For the entries below, work out how many lines include the string "which", then write only that number.

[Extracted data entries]
====

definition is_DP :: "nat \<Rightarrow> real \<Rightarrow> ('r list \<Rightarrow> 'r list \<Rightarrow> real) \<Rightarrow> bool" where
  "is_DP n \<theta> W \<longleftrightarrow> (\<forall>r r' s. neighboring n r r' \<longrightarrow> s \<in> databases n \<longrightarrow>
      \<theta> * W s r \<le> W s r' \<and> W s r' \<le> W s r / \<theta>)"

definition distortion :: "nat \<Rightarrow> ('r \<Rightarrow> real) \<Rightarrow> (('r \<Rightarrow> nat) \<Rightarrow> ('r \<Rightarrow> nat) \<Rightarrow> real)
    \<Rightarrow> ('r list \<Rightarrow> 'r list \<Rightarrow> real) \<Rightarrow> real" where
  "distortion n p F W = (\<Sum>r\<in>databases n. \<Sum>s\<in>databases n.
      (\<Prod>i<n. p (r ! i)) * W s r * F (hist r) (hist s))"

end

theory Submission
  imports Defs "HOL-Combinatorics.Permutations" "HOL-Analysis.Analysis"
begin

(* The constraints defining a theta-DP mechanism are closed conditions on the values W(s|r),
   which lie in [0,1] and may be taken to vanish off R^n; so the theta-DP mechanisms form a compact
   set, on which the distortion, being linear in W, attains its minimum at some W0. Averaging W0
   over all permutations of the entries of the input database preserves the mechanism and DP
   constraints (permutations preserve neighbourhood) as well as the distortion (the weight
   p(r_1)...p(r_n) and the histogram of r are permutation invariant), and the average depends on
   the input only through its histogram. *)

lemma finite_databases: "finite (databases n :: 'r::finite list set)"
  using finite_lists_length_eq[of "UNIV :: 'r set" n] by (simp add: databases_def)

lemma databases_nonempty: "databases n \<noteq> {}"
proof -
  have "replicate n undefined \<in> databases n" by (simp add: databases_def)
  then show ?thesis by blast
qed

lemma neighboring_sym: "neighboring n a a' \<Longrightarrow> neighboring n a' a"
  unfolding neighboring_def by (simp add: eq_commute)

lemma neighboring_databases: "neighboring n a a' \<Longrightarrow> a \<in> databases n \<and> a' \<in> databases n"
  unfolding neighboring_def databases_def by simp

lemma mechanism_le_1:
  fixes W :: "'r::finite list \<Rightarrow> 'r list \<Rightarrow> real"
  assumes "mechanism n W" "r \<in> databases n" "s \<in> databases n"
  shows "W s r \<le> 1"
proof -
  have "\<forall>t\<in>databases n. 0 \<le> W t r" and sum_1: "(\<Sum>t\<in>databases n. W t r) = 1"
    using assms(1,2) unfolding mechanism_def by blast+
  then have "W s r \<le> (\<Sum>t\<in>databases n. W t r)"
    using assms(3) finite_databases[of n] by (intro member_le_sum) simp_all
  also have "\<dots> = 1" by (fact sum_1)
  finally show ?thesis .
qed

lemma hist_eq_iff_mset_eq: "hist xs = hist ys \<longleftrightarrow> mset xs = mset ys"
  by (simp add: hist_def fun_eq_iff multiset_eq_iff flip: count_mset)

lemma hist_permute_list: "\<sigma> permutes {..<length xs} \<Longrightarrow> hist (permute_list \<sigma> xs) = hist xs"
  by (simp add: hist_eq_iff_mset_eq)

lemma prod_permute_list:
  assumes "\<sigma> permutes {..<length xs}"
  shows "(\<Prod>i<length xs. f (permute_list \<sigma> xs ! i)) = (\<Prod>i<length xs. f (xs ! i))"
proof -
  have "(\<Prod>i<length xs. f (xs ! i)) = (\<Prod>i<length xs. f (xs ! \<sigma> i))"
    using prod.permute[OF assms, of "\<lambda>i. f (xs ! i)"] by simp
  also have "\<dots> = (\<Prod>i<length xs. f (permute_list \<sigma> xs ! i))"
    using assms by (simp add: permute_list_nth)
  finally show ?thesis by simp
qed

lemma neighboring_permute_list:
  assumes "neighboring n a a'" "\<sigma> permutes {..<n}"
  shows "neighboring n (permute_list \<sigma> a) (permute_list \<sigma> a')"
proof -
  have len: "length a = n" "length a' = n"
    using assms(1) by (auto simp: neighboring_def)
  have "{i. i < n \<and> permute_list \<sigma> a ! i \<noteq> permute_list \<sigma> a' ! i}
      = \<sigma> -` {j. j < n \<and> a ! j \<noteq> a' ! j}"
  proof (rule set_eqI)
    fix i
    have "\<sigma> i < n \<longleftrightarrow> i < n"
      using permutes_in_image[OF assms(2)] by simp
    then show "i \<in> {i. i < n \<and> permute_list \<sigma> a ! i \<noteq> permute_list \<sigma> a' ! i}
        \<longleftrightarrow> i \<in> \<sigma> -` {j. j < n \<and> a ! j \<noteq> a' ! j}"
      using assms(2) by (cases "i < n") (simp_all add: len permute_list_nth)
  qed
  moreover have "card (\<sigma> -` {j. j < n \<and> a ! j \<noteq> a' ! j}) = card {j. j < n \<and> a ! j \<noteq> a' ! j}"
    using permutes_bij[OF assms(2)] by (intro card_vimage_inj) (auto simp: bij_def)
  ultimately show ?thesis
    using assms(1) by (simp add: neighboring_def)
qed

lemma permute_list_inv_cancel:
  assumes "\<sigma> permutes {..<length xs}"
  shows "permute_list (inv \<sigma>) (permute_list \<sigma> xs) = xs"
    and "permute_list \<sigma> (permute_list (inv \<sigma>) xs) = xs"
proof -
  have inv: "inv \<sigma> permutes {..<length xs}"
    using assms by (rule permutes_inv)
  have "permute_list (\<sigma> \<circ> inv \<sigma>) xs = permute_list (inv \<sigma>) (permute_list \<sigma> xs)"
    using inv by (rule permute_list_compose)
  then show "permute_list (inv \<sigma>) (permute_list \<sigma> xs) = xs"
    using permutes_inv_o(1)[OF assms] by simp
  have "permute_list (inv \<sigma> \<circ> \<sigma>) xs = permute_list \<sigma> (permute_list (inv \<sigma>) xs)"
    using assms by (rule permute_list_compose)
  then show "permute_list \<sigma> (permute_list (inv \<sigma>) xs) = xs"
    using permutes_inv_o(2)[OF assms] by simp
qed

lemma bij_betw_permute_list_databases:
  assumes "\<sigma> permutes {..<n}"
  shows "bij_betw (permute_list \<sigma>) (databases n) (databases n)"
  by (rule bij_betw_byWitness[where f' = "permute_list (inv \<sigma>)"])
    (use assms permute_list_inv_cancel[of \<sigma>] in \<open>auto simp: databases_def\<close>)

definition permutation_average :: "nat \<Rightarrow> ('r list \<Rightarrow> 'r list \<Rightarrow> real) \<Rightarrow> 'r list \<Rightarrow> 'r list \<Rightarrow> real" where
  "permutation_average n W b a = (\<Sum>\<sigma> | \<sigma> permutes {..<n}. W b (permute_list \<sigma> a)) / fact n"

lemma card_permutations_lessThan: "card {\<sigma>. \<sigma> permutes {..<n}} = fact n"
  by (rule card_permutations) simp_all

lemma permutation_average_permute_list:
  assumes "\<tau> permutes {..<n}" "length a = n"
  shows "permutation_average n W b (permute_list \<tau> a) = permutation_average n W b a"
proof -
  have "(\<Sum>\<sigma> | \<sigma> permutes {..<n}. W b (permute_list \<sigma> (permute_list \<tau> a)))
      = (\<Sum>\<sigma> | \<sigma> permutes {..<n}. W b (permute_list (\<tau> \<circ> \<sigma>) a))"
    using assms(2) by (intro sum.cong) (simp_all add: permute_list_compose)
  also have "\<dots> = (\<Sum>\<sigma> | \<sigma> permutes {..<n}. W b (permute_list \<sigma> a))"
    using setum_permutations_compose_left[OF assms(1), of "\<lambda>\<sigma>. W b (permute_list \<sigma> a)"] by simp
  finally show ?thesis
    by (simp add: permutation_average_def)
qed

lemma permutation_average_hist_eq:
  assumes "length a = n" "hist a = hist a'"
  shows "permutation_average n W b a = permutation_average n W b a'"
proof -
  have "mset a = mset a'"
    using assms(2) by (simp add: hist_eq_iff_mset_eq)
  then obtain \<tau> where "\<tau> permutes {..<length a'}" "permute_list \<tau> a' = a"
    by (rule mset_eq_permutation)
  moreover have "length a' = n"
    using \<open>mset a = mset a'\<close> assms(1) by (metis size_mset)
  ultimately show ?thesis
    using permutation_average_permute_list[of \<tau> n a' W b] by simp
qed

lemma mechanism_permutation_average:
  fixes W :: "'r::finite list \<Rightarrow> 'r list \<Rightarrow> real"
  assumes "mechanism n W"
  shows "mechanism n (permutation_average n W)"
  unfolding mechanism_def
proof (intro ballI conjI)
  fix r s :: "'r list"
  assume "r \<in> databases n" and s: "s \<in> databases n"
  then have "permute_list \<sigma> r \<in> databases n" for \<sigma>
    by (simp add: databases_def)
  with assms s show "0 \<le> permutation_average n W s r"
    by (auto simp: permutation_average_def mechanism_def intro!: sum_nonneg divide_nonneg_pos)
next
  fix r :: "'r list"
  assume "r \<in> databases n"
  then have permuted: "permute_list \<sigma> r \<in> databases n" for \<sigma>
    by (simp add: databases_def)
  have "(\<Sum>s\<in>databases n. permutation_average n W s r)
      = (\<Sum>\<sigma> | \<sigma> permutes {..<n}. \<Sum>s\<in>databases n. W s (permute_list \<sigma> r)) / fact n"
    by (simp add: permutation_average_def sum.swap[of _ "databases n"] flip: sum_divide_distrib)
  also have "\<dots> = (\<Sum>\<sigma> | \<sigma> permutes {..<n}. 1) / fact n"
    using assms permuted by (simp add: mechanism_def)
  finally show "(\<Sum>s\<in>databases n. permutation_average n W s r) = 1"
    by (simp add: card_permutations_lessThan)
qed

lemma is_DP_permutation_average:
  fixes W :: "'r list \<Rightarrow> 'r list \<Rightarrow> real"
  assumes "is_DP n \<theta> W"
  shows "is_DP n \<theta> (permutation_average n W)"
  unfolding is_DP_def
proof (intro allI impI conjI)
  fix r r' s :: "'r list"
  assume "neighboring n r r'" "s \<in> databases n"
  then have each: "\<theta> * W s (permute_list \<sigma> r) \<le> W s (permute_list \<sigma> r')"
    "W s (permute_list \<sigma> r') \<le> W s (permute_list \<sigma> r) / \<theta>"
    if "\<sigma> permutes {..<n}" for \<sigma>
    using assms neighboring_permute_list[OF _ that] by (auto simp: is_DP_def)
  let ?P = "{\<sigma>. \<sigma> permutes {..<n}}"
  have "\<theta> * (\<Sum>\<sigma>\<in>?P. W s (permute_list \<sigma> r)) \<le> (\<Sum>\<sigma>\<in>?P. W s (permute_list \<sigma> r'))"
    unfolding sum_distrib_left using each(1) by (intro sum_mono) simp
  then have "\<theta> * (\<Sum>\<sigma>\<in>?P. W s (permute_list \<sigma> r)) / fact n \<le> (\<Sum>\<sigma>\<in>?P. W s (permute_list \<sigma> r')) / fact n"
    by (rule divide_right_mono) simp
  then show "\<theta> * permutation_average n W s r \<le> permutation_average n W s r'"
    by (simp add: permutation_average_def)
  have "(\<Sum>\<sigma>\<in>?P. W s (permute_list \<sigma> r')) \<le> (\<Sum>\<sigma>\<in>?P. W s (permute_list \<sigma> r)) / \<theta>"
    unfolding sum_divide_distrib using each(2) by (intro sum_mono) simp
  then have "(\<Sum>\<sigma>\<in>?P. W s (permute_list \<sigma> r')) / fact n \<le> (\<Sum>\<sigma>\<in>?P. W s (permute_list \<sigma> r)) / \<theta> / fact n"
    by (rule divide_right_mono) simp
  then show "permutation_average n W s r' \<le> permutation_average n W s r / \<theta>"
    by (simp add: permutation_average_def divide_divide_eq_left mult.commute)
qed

====

• **Completed task**
2